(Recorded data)
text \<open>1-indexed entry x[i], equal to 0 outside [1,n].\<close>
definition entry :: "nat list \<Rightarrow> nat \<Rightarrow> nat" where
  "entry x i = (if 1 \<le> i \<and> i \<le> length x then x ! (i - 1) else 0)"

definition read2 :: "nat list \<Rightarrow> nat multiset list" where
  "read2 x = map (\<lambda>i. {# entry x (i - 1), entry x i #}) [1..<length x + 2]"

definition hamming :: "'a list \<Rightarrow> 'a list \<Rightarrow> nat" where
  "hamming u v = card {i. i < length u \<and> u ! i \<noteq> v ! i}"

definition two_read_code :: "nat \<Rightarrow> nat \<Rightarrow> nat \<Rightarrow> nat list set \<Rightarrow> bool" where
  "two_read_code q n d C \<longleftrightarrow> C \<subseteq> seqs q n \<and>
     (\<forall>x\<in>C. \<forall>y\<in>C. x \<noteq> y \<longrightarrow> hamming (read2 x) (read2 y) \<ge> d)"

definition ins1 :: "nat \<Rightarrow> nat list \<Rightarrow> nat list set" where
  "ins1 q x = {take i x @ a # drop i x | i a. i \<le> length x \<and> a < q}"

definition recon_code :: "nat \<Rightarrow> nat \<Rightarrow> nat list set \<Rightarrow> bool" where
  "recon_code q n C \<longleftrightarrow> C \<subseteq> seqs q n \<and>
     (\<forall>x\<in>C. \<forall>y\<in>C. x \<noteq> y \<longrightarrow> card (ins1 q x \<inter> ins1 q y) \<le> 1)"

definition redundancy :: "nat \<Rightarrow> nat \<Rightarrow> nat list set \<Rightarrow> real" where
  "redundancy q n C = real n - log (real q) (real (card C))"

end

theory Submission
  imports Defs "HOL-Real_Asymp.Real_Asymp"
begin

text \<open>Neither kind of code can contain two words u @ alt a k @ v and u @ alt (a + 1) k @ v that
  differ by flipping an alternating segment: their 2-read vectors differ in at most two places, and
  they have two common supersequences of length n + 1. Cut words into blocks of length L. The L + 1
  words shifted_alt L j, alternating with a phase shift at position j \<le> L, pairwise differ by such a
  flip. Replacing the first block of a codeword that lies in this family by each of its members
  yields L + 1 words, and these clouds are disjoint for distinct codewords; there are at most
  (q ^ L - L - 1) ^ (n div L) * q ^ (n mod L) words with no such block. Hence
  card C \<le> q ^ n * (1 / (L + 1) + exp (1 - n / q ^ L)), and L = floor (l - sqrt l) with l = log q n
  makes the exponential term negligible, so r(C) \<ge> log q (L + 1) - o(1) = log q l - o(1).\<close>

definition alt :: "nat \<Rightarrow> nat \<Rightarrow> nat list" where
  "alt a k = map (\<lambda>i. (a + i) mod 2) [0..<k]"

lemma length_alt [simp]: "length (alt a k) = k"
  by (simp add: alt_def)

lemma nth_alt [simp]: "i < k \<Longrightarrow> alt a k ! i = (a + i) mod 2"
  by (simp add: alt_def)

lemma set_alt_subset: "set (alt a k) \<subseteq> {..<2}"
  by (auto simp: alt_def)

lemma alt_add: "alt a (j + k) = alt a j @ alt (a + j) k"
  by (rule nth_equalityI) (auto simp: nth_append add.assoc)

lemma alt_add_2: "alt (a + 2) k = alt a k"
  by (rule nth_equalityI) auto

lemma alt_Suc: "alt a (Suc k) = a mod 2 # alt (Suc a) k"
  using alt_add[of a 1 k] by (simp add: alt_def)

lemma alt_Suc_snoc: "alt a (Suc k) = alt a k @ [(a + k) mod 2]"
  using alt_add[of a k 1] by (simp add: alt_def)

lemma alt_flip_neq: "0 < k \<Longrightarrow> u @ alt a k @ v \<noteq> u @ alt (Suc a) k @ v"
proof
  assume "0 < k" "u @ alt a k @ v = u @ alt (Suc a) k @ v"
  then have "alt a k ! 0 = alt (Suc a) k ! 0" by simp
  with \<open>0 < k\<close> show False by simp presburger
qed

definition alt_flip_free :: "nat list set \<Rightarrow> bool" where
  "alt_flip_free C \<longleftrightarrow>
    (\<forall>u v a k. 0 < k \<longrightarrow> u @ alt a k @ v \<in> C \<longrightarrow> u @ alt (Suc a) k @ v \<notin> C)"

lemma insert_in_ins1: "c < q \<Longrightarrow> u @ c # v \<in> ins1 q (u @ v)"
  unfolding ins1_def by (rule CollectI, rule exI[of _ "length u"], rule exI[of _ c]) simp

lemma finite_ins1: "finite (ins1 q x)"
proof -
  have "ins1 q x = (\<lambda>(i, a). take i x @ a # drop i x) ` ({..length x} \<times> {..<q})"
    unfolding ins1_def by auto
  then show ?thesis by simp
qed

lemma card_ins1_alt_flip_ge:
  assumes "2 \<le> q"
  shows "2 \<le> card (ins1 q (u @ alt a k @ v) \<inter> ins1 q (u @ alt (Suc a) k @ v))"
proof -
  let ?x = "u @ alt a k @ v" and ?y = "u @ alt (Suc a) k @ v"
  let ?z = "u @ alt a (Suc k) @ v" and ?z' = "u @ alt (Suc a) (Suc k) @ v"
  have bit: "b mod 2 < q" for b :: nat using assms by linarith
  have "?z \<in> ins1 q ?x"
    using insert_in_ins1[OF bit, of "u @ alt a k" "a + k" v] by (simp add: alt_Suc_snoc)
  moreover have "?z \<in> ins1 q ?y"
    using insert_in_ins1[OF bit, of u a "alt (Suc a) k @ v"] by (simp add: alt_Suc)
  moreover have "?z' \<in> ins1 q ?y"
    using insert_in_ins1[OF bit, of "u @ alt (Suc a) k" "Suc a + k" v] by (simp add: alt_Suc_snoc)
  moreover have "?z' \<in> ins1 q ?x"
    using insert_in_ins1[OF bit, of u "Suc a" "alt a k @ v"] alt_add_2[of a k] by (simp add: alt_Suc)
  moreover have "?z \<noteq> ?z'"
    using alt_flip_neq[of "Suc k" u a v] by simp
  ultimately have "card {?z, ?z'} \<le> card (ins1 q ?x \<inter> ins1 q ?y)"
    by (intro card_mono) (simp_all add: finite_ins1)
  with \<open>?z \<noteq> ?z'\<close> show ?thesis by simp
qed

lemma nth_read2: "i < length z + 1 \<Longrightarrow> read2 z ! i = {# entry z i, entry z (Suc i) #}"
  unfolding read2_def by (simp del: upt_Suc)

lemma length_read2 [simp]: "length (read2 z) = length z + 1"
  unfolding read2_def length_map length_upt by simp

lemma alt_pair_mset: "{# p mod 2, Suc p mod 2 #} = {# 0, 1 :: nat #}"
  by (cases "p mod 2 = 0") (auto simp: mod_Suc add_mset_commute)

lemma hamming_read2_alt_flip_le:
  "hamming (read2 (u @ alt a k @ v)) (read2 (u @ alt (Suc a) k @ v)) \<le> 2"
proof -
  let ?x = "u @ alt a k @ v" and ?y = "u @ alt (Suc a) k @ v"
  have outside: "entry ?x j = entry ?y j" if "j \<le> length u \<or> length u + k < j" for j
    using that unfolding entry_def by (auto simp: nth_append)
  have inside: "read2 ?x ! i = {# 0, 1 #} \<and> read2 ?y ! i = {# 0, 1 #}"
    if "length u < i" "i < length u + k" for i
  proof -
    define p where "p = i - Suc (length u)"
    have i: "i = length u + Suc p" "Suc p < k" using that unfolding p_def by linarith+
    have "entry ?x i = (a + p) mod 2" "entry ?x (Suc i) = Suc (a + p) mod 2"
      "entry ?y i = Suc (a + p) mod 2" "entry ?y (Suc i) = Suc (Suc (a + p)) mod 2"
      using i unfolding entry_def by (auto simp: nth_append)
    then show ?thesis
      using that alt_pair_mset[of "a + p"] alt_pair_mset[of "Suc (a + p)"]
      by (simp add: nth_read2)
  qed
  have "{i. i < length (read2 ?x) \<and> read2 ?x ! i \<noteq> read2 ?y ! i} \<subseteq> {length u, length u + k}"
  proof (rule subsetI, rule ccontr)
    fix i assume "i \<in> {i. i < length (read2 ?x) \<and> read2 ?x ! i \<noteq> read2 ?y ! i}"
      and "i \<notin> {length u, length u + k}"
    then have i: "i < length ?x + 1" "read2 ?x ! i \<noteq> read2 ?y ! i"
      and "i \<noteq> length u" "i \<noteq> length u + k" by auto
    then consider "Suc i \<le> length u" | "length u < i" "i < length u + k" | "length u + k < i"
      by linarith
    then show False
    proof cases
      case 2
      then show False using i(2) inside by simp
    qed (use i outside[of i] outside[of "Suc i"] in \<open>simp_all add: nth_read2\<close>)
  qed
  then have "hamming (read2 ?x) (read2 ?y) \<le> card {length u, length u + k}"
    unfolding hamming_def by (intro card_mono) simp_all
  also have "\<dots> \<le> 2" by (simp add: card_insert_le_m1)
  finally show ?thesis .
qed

PROBLEM »
A single number is required: the count of lines in the data above that include the word "inter".

WRITTEN RESPONSE »
3